Alttextilunternehmen muss Containerplätze vorerst nicht räumen
7. Kammer gibt Eilantrag gegen eine Verfügung der Landeshauptstadt Hannover (LHH) statt
Der Antragsteller war Mitglied des Alttextilentsorgungsverbandes Hannover und Umgebung, der bis zum Ende des Jahres 2010 auf der Grundlage eines mit der Landeshauptstadt geschlossenen Vertrages 500 Alttextilcontainer im öffentlichen Straßenraum aufgestellt hatte. Dieser Vertrag wurde von der Landeshauptstadt zum Ende des Jahres gekündigt. Der Antragsteller weigert sich, seine 294 Container wegzuräumen und beruft sich darauf, dass der Vertrag nicht ordnungsgemäß gekündigt worden und er nach wie vor im Besitz der erforderlichen Sondernutzungserlaubnis sei.
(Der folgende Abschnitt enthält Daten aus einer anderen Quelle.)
(* Let $H$ be a $k$-linear semi-Hopf category and $A$ an $H$-Galois category extension of $B=A^{{\rm co}H}$, and for $x,y\in X$ let $\gamma_{xy}:H_{xy}\to A_{yx}\otimes_{B_x}A_{xy}$, $\gamma_{xy}(h)=({\rm can}^y_{xy})^{-1}(1_y\otimes h)=\sum_i l_i(h)\otimes_{B_x}r_i(h)$. Then for all $x,y,z\in X$, $h\in H_{xy}$, $h'\in H_{yz}$: (a) $\gamma_{xy}(h)\in(A_{yx}\otimes_{B_x}A_{xy})^{B_y}=\{u\mid bu=ub\ \forall b\in B_y\}$; (b) $\gamma_{xz}(hh')=\sum_{i,j}l_i(h')l_j(h)\otimes_{B_x}r_j(h)r_i(h')$ (the right-hand side being the image of $\gamma_{yz}(h')\otimes\gamma_{xy}(h)$ under the map $(a'\otimes_{B_y}b')\otimes(a\otimes_{B_x}b)\mapsto a'a\otimes_{B_x}bb'$, well defined by (a)); (c) $\gamma_{xy}(h_{(1)})\otimes h_{(2)}=\sum_i l_i(h)\otimes_{B_x}r_i(h)_{[0]}\otimes r_i(h)_{[1]}$; (d) $\sum_i l_i(h)r_i(h)=\varepsilon_{xy}(h)1_y$; (e) if moreover $H$ is a Hopf category with antipode $S$, then $\gamma_{xy}(h_{(2)})\otimes S_{xy}(h_{(1)})=\sum_i l_i(h)_{[0]}\otimes_{B_x}r_i(h)\otimes l_i(h)_{[1]}$.
   Context: Let $k$ be a commutative ring; unadorned $\otimes$ is over $k$. A $k$-linear category $A$ with class of objects $X$ consists of $k$-modules $A_{xy}$, associative compositions $A_{xy}\otimes A_{yz}\to A_{xz}$, $a\otimes b\mapsto ab$, and units $1_x\in A_{xx}$. A $k$-linear semi-Hopf category $H$ (objects $X$) is a $k$-linear category in which each $H_{xy}$ is a $k$-coalgebra with $\Delta_{xy}(h)=h_{(1)}\otimes h_{(2)}$ and counit $\varepsilon_{xy}$, such that $\Delta_{xz}(hh')=h_{(1)}h'_{(1)}\otimes h_{(2)}h'_{(2)}$, $\Delta_{xx}(1_x)=1_x\otimes1_x$, $\varepsilon_{xz}(hh')=\varepsilon_{xy}(h)\varepsilon_{yz}(h')$, $\varepsilon_{xx}(1_x)=1$. It is a Hopf category if there are $k$-linear maps $S_{xy}:H_{xy}\to H_{yx}$ with $h_{(1)}S_{xy}(h_{(2)})=\varepsilon_{xy}(h)1_x$ and $S_{xy}(h_{(1)})h_{(2)}=\varepsilon_{xy}(h)1_y$. A right $H$-comodule category is a $k$-linear category $A$ with objects $X$ such that each $A_{xy}$ is a right $H_{xy}$-comodule, $\rho_{xy}(a)=a_{[0]}\otimes a_{[1]}$, with $\rho_{xz}(ab)=a_{[0]}b_{[0]}\otimes a_{[1]}b_{[1]}$ and $\rho_{xx}(1_x)=1_x\otimes1_x$. Its coinvariants are $B_x=\{a\in A_{xx}\mid\rho_{xx}(a)=a\otimes1_x\}$. The canonical maps are ${\rm can}^z_{xy}:A_{zx}\otimes_{B_x}A_{xy}\to A_{zy}\otimes H_{xy}$, $a\otimes_{B_x}a'\mapsto aa'_{[0]}\otimes a'_{[1]}$; $A$ is an $H$-Galois category extension of $B$ if all ${\rm can}^z_{xy}$ are bijective. *)

theory Defs
  imports Main
begin

record ('k, 'a) kmod =
  kcarrier :: "'a set"
  kadd :: "'a \<Rightarrow> 'a \<Rightarrow> 'a"
  kzero :: "'a"
  ksmult :: "'k \<Rightarrow> 'a \<Rightarrow> 'a"

definition kmodule :: "('k::comm_ring_1, 'a) kmod \<Rightarrow> bool" where
  "kmodule M \<longleftrightarrow>
     kzero M \<in> kcarrier M \<and>
     (\<forall>a\<in>kcarrier M. \<forall>b\<in>kcarrier M. kadd M a b \<in> kcarrier M) \<and>
     (\<forall>c. \<forall>a\<in>kcarrier M. ksmult M c a \<in> kcarrier M) \<and>
     (\<forall>a\<in>kcarrier M. \<forall>b\<in>kcarrier M. \<forall>d\<in>kcarrier M.
        kadd M (kadd M a b) d = kadd M a (kadd M b d)) \<and>
     (\<forall>a\<in>kcarrier M. \<forall>b\<in>kcarrier M. kadd M a b = kadd M b a) \<and>
     (\<forall>a\<in>kcarrier M. kadd M (kzero M) a = a) \<and>
     (\<forall>a\<in>kcarrier M. \<exists>b\<in>kcarrier M. kadd M a b = kzero M) \<and>
     (\<forall>c d. \<forall>a\<in>kcarrier M. ksmult M (c + d) a = kadd M (ksmult M c a) (ksmult M d a)) \<and>
     (\<forall>c. \<forall>a\<in>kcarrier M. \<forall>b\<in>kcarrier M.
        ksmult M c (kadd M a b) = kadd M (ksmult M c a) (ksmult M c b)) \<and>
     (\<forall>c d. \<forall>a\<in>kcarrier M. ksmult M (c * d) a = ksmult M c (ksmult M d a)) \<and>
     (\<forall>a\<in>kcarrier M. ksmult M 1 a = a)"

definition klin :: "('k::comm_ring_1, 'a) kmod \<Rightarrow> ('k, 'b) kmod \<Rightarrow> ('a \<Rightarrow> 'b) \<Rightarrow> bool" where
  "klin M N f \<longleftrightarrow>
     (\<forall>a\<in>kcarrier M. f a \<in> kcarrier N) \<and>
     (\<forall>a\<in>kcarrier M. \<forall>b\<in>kcarrier M. f (kadd M a b) = kadd N (f a) (f b)) \<and>
     (\<forall>c. \<forall>a\<in>kcarrier M. f (ksmult M c a) = ksmult N c (f a))"

definition klin_scalar :: "('k::comm_ring_1, 'a) kmod \<Rightarrow> ('a \<Rightarrow> 'k) \<Rightarrow> bool" where
  "klin_scalar M f \<longleftrightarrow>
     (\<forall>a\<in>kcarrier M. \<forall>b\<in>kcarrier M. f (kadd M a b) = f a + f b) \<and>
     (\<forall>c. \<forall>a\<in>kcarrier M. f (ksmult M c a) = c * f a)"

definition kbilin :: "('k::comm_ring_1, 'a) kmod \<Rightarrow> ('k, 'b) kmod \<Rightarrow> ('k, 'c) kmod
    \<Rightarrow> ('a \<Rightarrow> 'b \<Rightarrow> 'c) \<Rightarrow> bool" where
  "kbilin M N P f \<longleftrightarrow>
     (\<forall>a\<in>kcarrier M. klin N P (f a)) \<and> (\<forall>b\<in>kcarrier N. klin M P (\<lambda>a. f a b))"

definition kmsum :: "('k, 'a) kmod \<Rightarrow> ('i \<Rightarrow> 'a) \<Rightarrow> 'i set \<Rightarrow> 'a" where
  "kmsum P g A = Finite_Set.fold (\<lambda>i acc. kadd P (g i) acc) (kzero P) A"

section \<open>Tensor products (balanced w.r.t. a set of relations), as quotients of free modules\<close>

definition fsupp :: "('p \<Rightarrow> 'k::zero) \<Rightarrow> 'p set" where
  "fsupp f = {p. f p \<noteq> 0}"
text \<open>The poset P \<uplus> Q: elements Inl x (x in P) and Inr x (the copy x* of x in Q),
  given by its strict order relation.\<close>
definition uplus_carrier :: "'a set \<Rightarrow> 'a set \<Rightarrow> ('a + 'a) set" where
  "uplus_carrier P Q = Inl ` P \<union> Inr ` Q"

fun uplus_less :: "('a \<times> 'a) set \<Rightarrow> 'a + 'a \<Rightarrow> 'a + 'a \<Rightarrow> bool" where
  "uplus_less le (Inl x) (Inl y) = strict le x y"
| "uplus_less le (Inr x) (Inr y) = strict le x y"
| "uplus_less le (Inr x) (Inl y) = ((x, y) \<in> le)"
| "uplus_less le (Inl x) (Inr y) = False"

text \<open>The empty chain is the (-1)-simplex (augmented complex, for reduced cohomology).\<close>
definition oc_simplex :: "'a set \<Rightarrow> ('a \<Rightarrow> 'a \<Rightarrow> bool) \<Rightarrow> int \<Rightarrow> 'a list \<Rightarrow> bool" where
  "oc_simplex A lt i \<sigma> \<longleftrightarrow> sorted_wrt lt \<sigma> \<and> set \<sigma> \<subseteq> A \<and> int (length \<sigma>) = i + 1"

definition coboundary :: "('a list \<Rightarrow> 'k::field) \<Rightarrow> 'a list \<Rightarrow> 'k" where
  "coboundary f \<sigma> = (\<Sum>j<length \<sigma>. (-1) ^ j * f (take j \<sigma> @ drop (Suc j) \<sigma>))"

definition is_cocycle :: "'a set \<Rightarrow> ('a \<Rightarrow> 'a \<Rightarrow> bool) \<Rightarrow> int \<Rightarrow> ('a list \<Rightarrow> 'k::field) \<Rightarrow> bool" where
  "is_cocycle A lt i f \<longleftrightarrow> (\<forall>\<sigma>. oc_simplex A lt (i + 1) \<sigma> \<longrightarrow> coboundary f \<sigma> = 0)"
(* Let $k\geq 0$ be fixed. There are constants $c_1$ and $q^*_k$ (depending on $k$) such that for all $q\geq q^*_k$ the following holds: if $\vec{x}=(x_0,\ldots,x_k)$ is a vector of nonnegative integers with $wt_q(\vec{x})\geq 2^q+c_1\binom{q}{k}$, then Paul has a winning strategy in the $q$-round pathological liar game with $k$ lies and initial state $\vec{x}$.
   Context: Pathological liar game: a state is a vector $\vec{x}=(x_0,\ldots,x_k)$ of nonnegative integers. In each of $q$ rounds Paul chooses a legal question $\vec{a}=(a_0,\ldots,a_k)$ with integers $0\leq a_i\leq x_i$, and Carole answers Y or N; the new state is $Y(\vec{x},\vec{a})=(a_0,\,a_1+x_0-a_0,\,\ldots,\,a_k+x_{k-1}-a_{k-1})$ or $N(\vec{x},\vec{a})=(x_0-a_0,\,x_1-a_1+a_0,\,\ldots,\,x_k-a_k+a_{k-1})$ respectively. Paul wins iff after $q$ rounds $\sum_i x_i\geq 1$. Weight: $wt_q(\vec{x})=\sum_{i=0}^k x_i\binom{q}{\leq k-i}$ where $\binom{q}{\leq m}=\sum_{j=0}^m\binom{q}{j}$. *)

theory Defs
  imports Complex_Main
begin

text \<open>States and questions are lists of naturals of length k+1 (indices 0..k).\<close>

definition legal_question :: "nat list \<Rightarrow> nat list \<Rightarrow> bool" where
  "legal_question x a \<longleftrightarrow> length a = length x \<and> (\<forall>i<length x. a ! i \<le> x ! i)"

definition yes_state :: "nat list \<Rightarrow> nat list \<Rightarrow> nat list" where
  "yes_state x a = map (\<lambda>i. if i = 0 then a ! 0 else a ! i + (x ! (i - 1) - a ! (i - 1))) [0..<length x]"

definition no_state :: "nat list \<Rightarrow> nat list \<Rightarrow> nat list" where
  "no_state x a = map (\<lambda>i. if i = 0 then x ! 0 - a ! 0 else (x ! i - a ! i) + a ! (i - 1)) [0..<length x]"

fun paul_wins :: "nat \<Rightarrow> nat list \<Rightarrow> bool" where
  "paul_wins 0 x \<longleftrightarrow> sum_list x \<ge> 1"
| "paul_wins (Suc q) x \<longleftrightarrow>
     (\<exists>a. legal_question x a \<and> paul_wins q (yes_state x a) \<and> paul_wins q (no_state x a))"

definition binom_le :: "nat \<Rightarrow> nat \<Rightarrow> nat" where
  "binom_le q m = (\<Sum>j\<le>m. q choose j)"

definition wt :: "nat \<Rightarrow> nat list \<Rightarrow> nat" where
  "wt q x = (\<Sum>i<length x. x ! i * binom_le q (length x - 1 - i))"

end

theory Submission
  imports Defs
begin

text \<open>Paul plays the splitting strategy for all but a constant number T of rounds: he halves
  every x i with i < k and lets the chips without lies left even out the weight of the two
  answers. Since wt (t + 1) x = wt t (yes_state x a) + wt t (no_state x a), the weight stays at
  least 2 ^ t as long as the two answers differ in weight by at most 1. This holds as soon as
  there are enough chips without lies left; the surplus c1 * (q choose k) pays for the first k
  rounds, when there may be too few of them. Counting, for each chip, the answer sequences that
  take it to a given number of lies left shows that after q - T rounds at most 2k + 3 chips remain
  in each position i < k. Paul then gives each of these chips a codeword of a repetition code of
  minimum distance 2k + 1 and asks for the bits of the codewords; by the sphere-packing bound the
  weight condition survives every round.\<close>

section \<open>Partial sums of binomial coefficients\<close>

lemma binom_le_Suc: "binom_le t (Suc m) = binom_le t m + (t choose Suc m)"
  by (simp add: binom_le_def)

lemma binom_le_0 [simp]: "binom_le t 0 = 1"
  by (simp add: binom_le_def)

lemma binom_le_0_left [simp]: "binom_le 0 m = 1"
  by (induction m) (auto simp: binom_le_Suc)

lemma binom_le_pos [simp]: "0 < binom_le t m"
  by (induction m) (auto simp: binom_le_Suc)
Mit Bescheid vom 01.02.2011 forderte die Antragsgegnerin den Antragsteller unter Anordnung des Sofortvollzuges auf, seine im öffentlichen Straßenraum aufgestellten Alttextilsammelcontainer zu entfernen.
Dagegen erhob der Antragsteller, ein Unternehmer aus Peine, Klage und Eilantrag, mit dem er erreichen will, seine Plätze bis zur Entscheidung über die Klage vorläufig weiter nutzen zu dürfen.
Diesem Antrag gab die 7. Kammer statt, weil die Beseitigungsanordnung bei summarischer Prüfung offensichtlich rechtswidrig sei. Die Landeshauptstadt habe das ihr eingeräumte Ermessen nicht ausgeübt; insbesondere habe sie nicht geprüft, warum nicht der Alttextilentsorgungsverband Hannover und Umgebung an Stelle des Antragstellers zur Beseitigung verpflichtet sei. Diese Prüfung dränge sich auf, weil nach dem zwischen der LHH und dem Alttextilentsorgungsverband Hannover und Umgebung geschlossenen Vertrag der Verband nach Vertragsende beseitigungspflichtig sei. Mit dieser Regelung setze sich der angefochtene Bescheid nicht auseinander. Ob die Kündigung im Ergebnis rechtmäßig sei, könne die Kammer daher offen lassen.
Gegen die Entscheidung ist die Beschwerde vor dem Niedersächsischen Oberverwaltungsgericht in Lüneburg zulässig.